### Exercise instructions:
Using the listing below, retype exactly the lines starting at the one with "of \<open>u\<close> plus" and ending at the one with "has_derivative f1) (at", and include both.

━━━━━ Data records ━━━━━

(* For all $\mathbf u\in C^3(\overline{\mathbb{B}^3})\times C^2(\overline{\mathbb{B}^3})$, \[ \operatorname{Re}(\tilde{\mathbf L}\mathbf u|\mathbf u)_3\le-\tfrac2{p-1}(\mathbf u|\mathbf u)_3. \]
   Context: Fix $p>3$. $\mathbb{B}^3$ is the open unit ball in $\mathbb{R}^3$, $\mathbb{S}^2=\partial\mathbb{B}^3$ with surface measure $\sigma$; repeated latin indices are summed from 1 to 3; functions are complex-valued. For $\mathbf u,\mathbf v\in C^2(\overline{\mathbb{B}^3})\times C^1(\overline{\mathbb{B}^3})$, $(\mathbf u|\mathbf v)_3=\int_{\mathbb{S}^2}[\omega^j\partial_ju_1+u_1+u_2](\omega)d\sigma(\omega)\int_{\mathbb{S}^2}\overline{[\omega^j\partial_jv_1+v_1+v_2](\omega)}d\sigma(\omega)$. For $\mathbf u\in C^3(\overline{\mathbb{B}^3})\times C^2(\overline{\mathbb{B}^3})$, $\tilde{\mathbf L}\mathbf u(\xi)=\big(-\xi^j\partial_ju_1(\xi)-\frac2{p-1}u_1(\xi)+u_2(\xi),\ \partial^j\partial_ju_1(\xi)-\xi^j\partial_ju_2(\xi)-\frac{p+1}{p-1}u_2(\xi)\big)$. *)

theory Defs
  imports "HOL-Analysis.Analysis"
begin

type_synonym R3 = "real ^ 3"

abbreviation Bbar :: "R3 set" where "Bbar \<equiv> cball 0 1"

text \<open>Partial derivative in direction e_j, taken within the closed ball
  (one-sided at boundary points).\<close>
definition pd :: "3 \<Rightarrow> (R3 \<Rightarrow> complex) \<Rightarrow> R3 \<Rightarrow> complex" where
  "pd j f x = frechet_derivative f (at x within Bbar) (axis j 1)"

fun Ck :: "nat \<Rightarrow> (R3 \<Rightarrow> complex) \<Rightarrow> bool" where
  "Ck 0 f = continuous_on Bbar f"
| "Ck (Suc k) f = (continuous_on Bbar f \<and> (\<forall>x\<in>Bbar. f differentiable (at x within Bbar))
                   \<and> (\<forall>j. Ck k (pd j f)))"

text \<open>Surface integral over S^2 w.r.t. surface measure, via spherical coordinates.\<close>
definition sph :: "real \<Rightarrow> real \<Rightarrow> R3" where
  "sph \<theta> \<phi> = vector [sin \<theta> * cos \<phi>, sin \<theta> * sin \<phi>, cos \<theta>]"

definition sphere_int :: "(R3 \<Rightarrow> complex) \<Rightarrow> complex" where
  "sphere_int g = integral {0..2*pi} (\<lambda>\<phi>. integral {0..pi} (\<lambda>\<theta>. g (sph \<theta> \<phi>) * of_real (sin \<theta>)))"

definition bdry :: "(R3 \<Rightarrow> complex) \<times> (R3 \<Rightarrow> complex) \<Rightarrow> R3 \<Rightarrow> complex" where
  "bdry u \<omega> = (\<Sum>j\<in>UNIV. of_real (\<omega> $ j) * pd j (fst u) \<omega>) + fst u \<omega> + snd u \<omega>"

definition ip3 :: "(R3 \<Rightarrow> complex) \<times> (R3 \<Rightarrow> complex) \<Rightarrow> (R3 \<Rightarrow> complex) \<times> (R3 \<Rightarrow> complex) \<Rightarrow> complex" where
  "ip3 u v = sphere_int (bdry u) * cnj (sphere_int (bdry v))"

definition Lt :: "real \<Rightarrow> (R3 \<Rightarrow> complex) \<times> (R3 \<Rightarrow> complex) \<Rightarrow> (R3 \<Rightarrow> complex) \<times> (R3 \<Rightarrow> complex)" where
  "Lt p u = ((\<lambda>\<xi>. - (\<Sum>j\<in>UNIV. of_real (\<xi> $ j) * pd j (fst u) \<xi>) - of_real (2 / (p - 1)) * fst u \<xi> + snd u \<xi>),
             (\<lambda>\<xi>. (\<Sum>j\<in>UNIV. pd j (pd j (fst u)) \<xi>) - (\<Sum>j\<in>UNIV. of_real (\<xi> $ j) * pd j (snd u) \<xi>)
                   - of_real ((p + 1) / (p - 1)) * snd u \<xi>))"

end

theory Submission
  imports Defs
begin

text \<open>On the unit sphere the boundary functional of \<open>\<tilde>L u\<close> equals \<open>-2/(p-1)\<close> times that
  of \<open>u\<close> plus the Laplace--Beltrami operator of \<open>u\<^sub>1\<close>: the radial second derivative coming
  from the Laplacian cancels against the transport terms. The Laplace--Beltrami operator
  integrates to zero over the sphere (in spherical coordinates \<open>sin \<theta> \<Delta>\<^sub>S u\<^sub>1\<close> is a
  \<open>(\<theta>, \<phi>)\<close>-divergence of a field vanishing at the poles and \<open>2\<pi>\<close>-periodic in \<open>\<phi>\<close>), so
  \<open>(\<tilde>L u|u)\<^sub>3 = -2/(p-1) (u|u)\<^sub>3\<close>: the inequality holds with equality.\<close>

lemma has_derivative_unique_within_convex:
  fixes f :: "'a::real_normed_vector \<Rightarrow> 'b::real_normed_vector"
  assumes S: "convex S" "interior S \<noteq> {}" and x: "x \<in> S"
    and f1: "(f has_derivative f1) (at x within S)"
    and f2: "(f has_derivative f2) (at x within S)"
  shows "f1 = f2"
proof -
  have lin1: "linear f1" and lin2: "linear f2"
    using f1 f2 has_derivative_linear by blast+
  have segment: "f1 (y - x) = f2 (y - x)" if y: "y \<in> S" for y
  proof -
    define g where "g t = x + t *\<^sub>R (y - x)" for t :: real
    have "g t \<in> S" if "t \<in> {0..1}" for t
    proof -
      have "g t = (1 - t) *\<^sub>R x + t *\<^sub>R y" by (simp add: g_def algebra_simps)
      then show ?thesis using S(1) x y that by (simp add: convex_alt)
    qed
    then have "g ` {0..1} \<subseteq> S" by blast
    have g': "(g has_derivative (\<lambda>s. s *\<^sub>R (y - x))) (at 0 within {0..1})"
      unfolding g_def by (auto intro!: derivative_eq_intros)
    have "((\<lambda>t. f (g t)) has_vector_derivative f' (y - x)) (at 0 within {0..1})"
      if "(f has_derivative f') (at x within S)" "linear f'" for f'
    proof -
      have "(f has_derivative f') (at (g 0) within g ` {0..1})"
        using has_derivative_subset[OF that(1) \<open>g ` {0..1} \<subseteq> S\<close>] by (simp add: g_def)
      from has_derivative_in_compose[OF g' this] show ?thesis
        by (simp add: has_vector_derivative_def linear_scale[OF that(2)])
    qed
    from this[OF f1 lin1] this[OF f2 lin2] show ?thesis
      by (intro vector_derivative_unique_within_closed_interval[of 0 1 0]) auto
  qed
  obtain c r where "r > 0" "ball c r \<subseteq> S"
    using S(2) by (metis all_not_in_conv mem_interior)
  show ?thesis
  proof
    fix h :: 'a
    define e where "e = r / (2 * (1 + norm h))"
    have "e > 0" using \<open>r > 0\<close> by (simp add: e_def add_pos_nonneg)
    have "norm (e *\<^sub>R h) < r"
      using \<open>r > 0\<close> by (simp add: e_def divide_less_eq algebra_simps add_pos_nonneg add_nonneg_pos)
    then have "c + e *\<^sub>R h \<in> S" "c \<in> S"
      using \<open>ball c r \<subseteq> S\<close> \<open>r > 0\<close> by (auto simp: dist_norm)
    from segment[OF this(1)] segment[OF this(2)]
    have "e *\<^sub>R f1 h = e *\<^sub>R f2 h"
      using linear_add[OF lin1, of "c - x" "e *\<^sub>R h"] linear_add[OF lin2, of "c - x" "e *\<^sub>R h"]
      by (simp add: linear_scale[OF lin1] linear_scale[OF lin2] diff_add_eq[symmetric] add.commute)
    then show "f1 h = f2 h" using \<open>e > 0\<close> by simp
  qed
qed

━━━━━

### Result of the exercise:
  of \<open>u\<close> plus the Laplace--Beltrami operator of \<open>u\<^sub>1\<close>: the radial second derivative coming
  from the Laplacian cancels against the transport terms. The Laplace--Beltrami operator
  integrates to zero over the sphere (in spherical coordinates \<open>sin \<theta> \<Delta>\<^sub>S u\<^sub>1\<close> is a
  \<open>(\<theta>, \<phi>)\<close>-divergence of a field vanishing at the poles and \<open>2\<pi>\<close>-periodic in \<open>\<phi>\<close>), so
  \<open>(\<tilde>L u|u)\<^sub>3 = -2/(p-1) (u|u)\<^sub>3\<close>: the inequality holds with equality.\<close>

lemma has_derivative_unique_within_convex:
  fixes f :: "'a::real_normed_vector \<Rightarrow> 'b::real_normed_vector"
  assumes S: "convex S" "interior S \<noteq> {}" and x: "x \<in> S"
    and f1: "(f has_derivative f1) (at x within S)"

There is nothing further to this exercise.